The paper conducts extensive evaluations to assess the performance of SNOO across different model scales and architectures. Notably, SNOO demonstrates gains in compute efficiency of 1.5x to 2.5x compared to AdamW, with improvements increasing as model size grows. This is particularly evident in medium-scale Llama-3 models trained on the C4 dataset and large-scale models reaching up to 1e23 FLOPs.

Figure 2: SNOO shows strong improvements across compute scales over the AdamW baseline on the C4 validation dataset. This figure plots NLL on a held-out validation set of C4 run using TorchTitan on OSS Llama-3 models.

Figure 3: SNOO outperforms the AdamW baseline throughout training, exhibiting lower train and validation loss using a 300M dense transformer model. This figure plots NLL on training and held-out validation set of C4 run using TorchTitan on OSS Llama-3 models.

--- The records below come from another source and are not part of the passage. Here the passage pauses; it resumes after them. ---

(* Let $a>0$, $b>0$, $S^1=\mathbb{R}/\mathbb{Z}$, and equip $\mathrm{Diff}(S^1)$ with the right-invariant metric given at the identity by $\langle\!\langle u,v\rangle\!\rangle=\int_{S^1}(a\,uv+b\,u_xv_x)\,dx$. Let $A=a-b\partial_x^2$ and define bilinear maps $$T(u,v)=A^{-1}\Big(a\,uv+\tfrac b2u_xv_x\Big),\qquad Q(u,v)=-\partial_x^2A^{-1}\Big(a\,uv+\tfrac b2u_xv_x\Big).$$ Then the sectional curvature $S(u,v)=\langle\!\langle R(u,v)v,u\rangle\!\rangle$ satisfies, for all vector fields $u,v$ on $S^1$, both $$S(u,v)=-\frac a2\int_{S^1}(uv_x-vu_x)^2\,dx+\frac ab\langle\!\langle T(u,u),T(v,v)\rangle\!\rangle-\frac ab\langle\!\langle T(u,v),T(u,v)\rangle\!\rangle$$ and $$S(u,v)=\frac1a\int_{S^1}\Big(a(uv_x-vu_x)+\tfrac b2(v_xu_{xx}-u_xv_{xx})\Big)^2dx+\frac ba\langle\!\langle Q(u,u),Q(v,v)\rangle\!\rangle-\frac ba\langle\!\langle Q(u,v),Q(u,v)\rangle\!\rangle.$$
   Context: $R$ is the curvature tensor of the Levi-Civita connection of the right-invariant metric at the identity; vector fields on $S^1$ are identified with periodic functions. *)

theory Defs
  imports "HOL-Analysis.Analysis"
begin

text \<open>Vector fields on S^1 = R/Z: smooth (C-infinity) 1-periodic real functions on R.\<close>
definition smooth_fun :: "(real \<Rightarrow> real) \<Rightarrow> bool" where
  "smooth_fun f \<longleftrightarrow> (\<forall>n x. ((deriv ^^ n) f) differentiable (at x))"

definition vfield :: "(real \<Rightarrow> real) \<Rightarrow> bool" where
  "vfield f \<longleftrightarrow> smooth_fun f \<and> (\<forall>x. f (x + 1) = f x)"

definition intS1 :: "(real \<Rightarrow> real) \<Rightarrow> real" where
  "intS1 f = integral {0..1} f"

definition ip :: "real \<Rightarrow> real \<Rightarrow> (real \<Rightarrow> real) \<Rightarrow> (real \<Rightarrow> real) \<Rightarrow> real" where
  "ip a b u v = intS1 (\<lambda>x. a * u x * v x + b * deriv u x * deriv v x)"

text \<open>Lie bracket of vector fields (the sign convention does not affect the curvature
  expression S(u,v)).\<close>
definition vbracket :: "(real \<Rightarrow> real) \<Rightarrow> (real \<Rightarrow> real) \<Rightarrow> real \<Rightarrow> real" where
  "vbracket u v = (\<lambda>x. u x * deriv v x - deriv u x * v x)"

text \<open>Levi-Civita connection of the invariant metric at the identity, via the Koszul formula
  for invariant fields: 2 <<nabla_u v, w>> = <<[u,v],w>> - <<[v,w],u>> + <<[w,u],v>>.\<close>
definition nabla :: "real \<Rightarrow> real \<Rightarrow> (real \<Rightarrow> real) \<Rightarrow> (real \<Rightarrow> real) \<Rightarrow> real \<Rightarrow> real" where
  "nabla a b u v = (THE z. vfield z \<and> (\<forall>w. vfield w \<longrightarrow>
      ip a b z w = (ip a b (vbracket u v) w - ip a b (vbracket v w) u + ip a b (vbracket w u) v) / 2))"

definition curv :: "real \<Rightarrow> real \<Rightarrow> (real \<Rightarrow> real) \<Rightarrow> (real \<Rightarrow> real) \<Rightarrow> (real \<Rightarrow> real) \<Rightarrow> real \<Rightarrow> real" where
  "curv a b u v w = (\<lambda>x. nabla a b u (nabla a b v w) x - nabla a b v (nabla a b u w) x
      - nabla a b (vbracket u v) w x)"

definition sect :: "real \<Rightarrow> real \<Rightarrow> (real \<Rightarrow> real) \<Rightarrow> (real \<Rightarrow> real) \<Rightarrow> real" where
  "sect a b u v = ip a b (curv a b u v v) u"

definition Ainv :: "real \<Rightarrow> real \<Rightarrow> (real \<Rightarrow> real) \<Rightarrow> real \<Rightarrow> real" where
  "Ainv a b f = (THE g. vfield g \<and> (\<forall>x. a * g x - b * deriv (deriv g) x = f x))"

definition Tmap :: "real \<Rightarrow> real \<Rightarrow> (real \<Rightarrow> real) \<Rightarrow> (real \<Rightarrow> real) \<Rightarrow> real \<Rightarrow> real" where
  "Tmap a b u v = Ainv a b (\<lambda>x. a * u x * v x + b / 2 * deriv u x * deriv v x)"

definition Qmap :: "real \<Rightarrow> real \<Rightarrow> (real \<Rightarrow> real) \<Rightarrow> (real \<Rightarrow> real) \<Rightarrow> real \<Rightarrow> real" where
  "Qmap a b u v = (\<lambda>x. - deriv (deriv (Ainv a b (\<lambda>y. a * u y * v y + b / 2 * deriv u y * deriv v y))) x)"

end

theory Submission
  imports Defs
begin

text \<open>
  With \<open>A = a - b \<partial>\<^sup>2\<close> the metric is \<open>\<langle>\<langle>f, g\<rangle>\<rangle> = \<integral> (A f) g\<close>, and \<open>A\<close> is invertible on periodic
  functions: variation of constants produces a periodic solution of \<open>A g = f\<close>, positivity of the
  metric makes it unique. Solving the Koszul formula then gives the explicit connection
  \<open>\<nabla>\<^sub>u v = u v\<^sub>x + \<partial>\<^sub>x T(u,v)\<close>. Metric compatibility and vanishing torsion reduce
  \<open>S(u,v)\<close> to \<open>-\<langle>\<langle>\<nabla>\<^sub>u u, \<nabla>\<^sub>v v\<rangle>\<rangle> - \<langle>\<langle>[u,v], \<nabla>\<^sub>u v\<rangle>\<rangle> + \<langle>\<langle>\<nabla>\<^sub>u v, \<nabla>\<^sub>u v\<rangle>\<rangle> - \<langle>\<langle>\<nabla>\<^bsub>[u,v]\<^esub> v, u\<rangle>\<rangle>\<close>.
  Integrating by parts, a pairing \<open>\<langle>\<langle>\<partial>T, \<partial>T'\<rangle>\<rangle>\<close> equals \<open>-a/b \<langle>\<langle>T, T'\<rangle>\<rangle>\<close> plus a local term,
  and all local terms add up, modulo an exact derivative, to \<open>-a/2 (u v\<^sub>x - v u\<^sub>x)\<^sup>2\<close>.
  The second formula follows from the first because \<open>Q = -\<partial>\<^sup>2 T\<close>: the difference of the two
  right-hand sides vanishes pointwise by a Lagrange-type identity.
\<close>

section \<open>Smooth periodic functions\<close>

fun differentiable_upto :: "nat \<Rightarrow> (real \<Rightarrow> real) \<Rightarrow> bool" where
  "differentiable_upto 0 f \<longleftrightarrow> (\<forall>x. f differentiable (at x))"
| "differentiable_upto (Suc n) f \<longleftrightarrow>
     (\<forall>x. f differentiable (at x)) \<and> differentiable_upto n (deriv f)"

lemma differentiable_upto_iff:
  "differentiable_upto n f \<longleftrightarrow> (\<forall>m\<le>n. \<forall>x. (deriv ^^ m) f differentiable (at x))"
proof (induction n arbitrary: f)
  case 0
  then show ?case by simp
next
  case (Suc n)
  have "(\<forall>m\<le>Suc n. \<forall>x. (deriv ^^ m) f differentiable (at x)) \<longleftrightarrow>
        (\<forall>x. f differentiable (at x)) \<and> (\<forall>m\<le>n. \<forall>x. (deriv ^^ m) (deriv f) differentiable (at x))"
    (is "?L \<longleftrightarrow> ?R")
  proof
    assume L: ?L
    show ?R
      using L[rule_format, of 0] L by (simp, metis Suc_le_mono funpow_Suc_right o_apply)
  next
    assume R: ?R
    show ?L
    proof (intro allI impI)
      fix m x
      assume "m \<le> Suc n"
      then show "(deriv ^^ m) f differentiable (at x)"
        using R by (cases m) (auto simp: funpow_Suc_right simp del: funpow.simps)
    qed
  qed
  then show ?case using Suc by simp
qed

lemma smooth_fun_iff_differentiable_upto: "smooth_fun f \<longleftrightarrow> (\<forall>n. differentiable_upto n f)"
  unfolding smooth_fun_def differentiable_upto_iff by blast

lemma differentiable_upto_Suc_imp: "differentiable_upto (Suc n) f \<Longrightarrow> differentiable_upto n f"
  by (induction n arbitrary: f) auto

lemma deriv_add_fun:
  fixes f g :: "real \<Rightarrow> real"
  assumes "\<And>x. f differentiable (at x)" "\<And>x. g differentiable (at x)"
  shows "deriv (\<lambda>x. f x + g x) = (\<lambda>x. deriv f x + deriv g x)"
  using DERIV_add[OF assms[THEN DERIV_deriv_iff_real_differentiable[THEN iffD2]]]
  by (auto intro!: ext DERIV_imp_deriv)

lemma deriv_mult_fun:
  fixes f g :: "real \<Rightarrow> real"
  assumes "\<And>x. f differentiable (at x)" "\<And>x. g differentiable (at x)"
  shows "deriv (\<lambda>x. f x * g x) = (\<lambda>x. f x * deriv g x + deriv f x * g x)"
  using DERIV_mult[OF assms[THEN DERIV_deriv_iff_real_differentiable[THEN iffD2]]]
  by (auto intro!: ext DERIV_imp_deriv simp: algebra_simps)

lemma differentiable_upto_add:
  "differentiable_upto n f \<Longrightarrow> differentiable_upto n g \<Longrightarrow> differentiable_upto n (\<lambda>x. f x + g x)"
  by (induction n arbitrary: f g) (auto simp: deriv_add_fun)

lemma differentiable_upto_mult:
  "differentiable_upto n f \<Longrightarrow> differentiable_upto n g \<Longrightarrow> differentiable_upto n (\<lambda>x. f x * g x)"
proof (induction n arbitrary: f g)
  case 0
  then show ?case by simp
next
  case (Suc n)
  have "differentiable_upto n (\<lambda>x. f x * deriv g x)" "differentiable_upto n (\<lambda>x. deriv f x * g x)"
    using Suc differentiable_upto_Suc_imp by auto
  then show ?case
    using Suc.prems by (auto intro!: differentiable_upto_add simp: deriv_mult_fun)
qed

lemma differentiable_upto_const: "differentiable_upto n (\<lambda>x. c)"
  by (induction n arbitrary: c) auto

lemma differentiable_upto_exp: "differentiable_upto n (\<lambda>x. c * exp (k * x))"
proof (induction n arbitrary: c)
  case 0
  show ?case unfolding differentiable_upto.simps real_differentiable_def
    by (auto intro!: derivative_eq_intros)
next
  case (Suc n)
  have "deriv (\<lambda>x. c * exp (k * x)) = (\<lambda>x. (c * k) * exp (k * x))"
    by (rule ext, rule DERIV_imp_deriv) (auto intro!: derivative_eq_intros)
  then show ?case using Suc unfolding differentiable_upto.simps real_differentiable_def
    by (auto intro!: derivative_eq_intros)
qed

lemma smooth_fun_add: "smooth_fun f \<Longrightarrow> smooth_fun g \<Longrightarrow> smooth_fun (\<lambda>x. f x + g x)"
  by (simp add: smooth_fun_iff_differentiable_upto differentiable_upto_add)

lemma smooth_fun_mult: "smooth_fun f \<Longrightarrow> smooth_fun g \<Longrightarrow> smooth_fun (\<lambda>x. f x * g x)"
  by (simp add: smooth_fun_iff_differentiable_upto differentiable_upto_mult)

lemma smooth_fun_const: "smooth_fun (\<lambda>x. c)"
  by (simp add: smooth_fun_iff_differentiable_upto differentiable_upto_const)

lemma smooth_fun_exp: "smooth_fun (\<lambda>x. c * exp (k * x))"
  by (simp add: smooth_fun_iff_differentiable_upto differentiable_upto_exp)

lemma smooth_fun_deriv: "smooth_fun f \<Longrightarrow> smooth_fun (deriv f)"
  by (metis smooth_fun_iff_differentiable_upto differentiable_upto.simps(2))

lemma smooth_fun_differentiable: "smooth_fun f \<Longrightarrow> f differentiable (at x)"
  by (metis smooth_fun_iff_differentiable_upto differentiable_upto.simps(1))

lemma smooth_fun_antiderivative:
  assumes "\<And>x. (F has_real_derivative f x) (at x)" and "smooth_fun f"
  shows "smooth_fun F"
proof -
  have "deriv F = f" using assms(1) by (auto intro!: ext DERIV_imp_deriv)
  moreover have "F differentiable (at x)" for x
    using assms(1) real_differentiable_def by blast
  ultimately have "differentiable_upto (Suc n) F" for n
    using assms(2) by (simp add: smooth_fun_iff_differentiable_upto)
  then show ?thesis
    by (metis smooth_fun_iff_differentiable_upto differentiable_upto_Suc_imp)
qed

lemma vfield_smooth: "vfield f \<Longrightarrow> smooth_fun f"
  by (simp add: vfield_def)

lemma vfield_periodic: "vfield f \<Longrightarrow> f (x + 1) = f x"
  by (simp add: vfield_def)

lemma vfield_differentiable: "vfield f \<Longrightarrow> f differentiable (at x)"
  by (simp add: vfield_def smooth_fun_differentiable)

lemma vfield_has_real_derivative: "vfield f \<Longrightarrow> (f has_real_derivative deriv f x) (at x)"
  by (simp add: DERIV_deriv_iff_real_differentiable vfield_differentiable)

lemma vfield_const [simp]: "vfield (\<lambda>x. c)"
  by (simp add: vfield_def smooth_fun_const)

lemma vfield_add [simp]: "vfield f \<Longrightarrow> vfield g \<Longrightarrow> vfield (\<lambda>x. f x + g x)"
  by (simp add: vfield_def smooth_fun_add)

lemma vfield_mult [simp]: "vfield f \<Longrightarrow> vfield g \<Longrightarrow> vfield (\<lambda>x. f x * g x)"
  by (simp add: vfield_def smooth_fun_mult)

lemma vfield_cmult [simp]: "vfield f \<Longrightarrow> vfield (\<lambda>x. c * f x)"
  using vfield_mult[OF vfield_const] by simp

lemma vfield_minus [simp]: "vfield f \<Longrightarrow> vfield (\<lambda>x. - f x)"
  using vfield_cmult[of f "-1"] by simp

lemma vfield_diff [simp]: "vfield f \<Longrightarrow> vfield g \<Longrightarrow> vfield (\<lambda>x. f x - g x)"
  using vfield_add[of f "\<lambda>x. - g x"] by simp

lemma vfield_divide [simp]: "vfield f \<Longrightarrow> vfield (\<lambda>x. f x / c)"
  using vfield_cmult[of f "1 / c"] by simp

The empirical results suggest that SNOO's scaling benefits become even more pronounced at large scales, with dense and Mixture-of-Experts (MoE) models showing consistent performance improvements across different benchmarks. These findings underscore SNOO's potential for real-world applications where training efficiency directly translates to reduced costs and time.

Implicit Regularization and Generalization

Beyond raw efficiency, SNOO exhibits intriguing implicit regularization properties. The paper discusses two key observations: SNOO encourages smaller $\ell_2$ -norms of model weights, and it shows resilience to overfitting when training on data with repeated inputs. These characteristics suggest that SNOO not only speeds up convergence but also improves model robustness, potentially contributing to better generalization.

Figure 4: SNOO (with AdamW as the inner optimizer) encourages smaller $\ell_2$ -norms of the model weights compared to AdamW, with weight norms continually decreasing as training progresses.

Systems Implications

From a systems perspective, SNOO is efficient in terms of additional computational and memory resources. The overhead introduced by the outer update is minimal, making it compatible with parallel computing frameworks like Fully-Sharded Data Parallelism (FSDP). This positions SNOO as a scalable and practical solution for training large-scale LLMs in both academic research and industry settings.

Conclusion

SNOO represents an effective optimization strategy that integrates Nesterov momentum with pseudo-gradients, offering significant compute efficiency gains without sacrificing model performance or generalization. Its utility spans across different model architectures and scales, providing a robust approach suitable for the ongoing quest to train ever-larger LLMs. Future research could explore deeper theoretical underpinnings of SNOO's regularization effects and extend its application to more diverse machine learning tasks.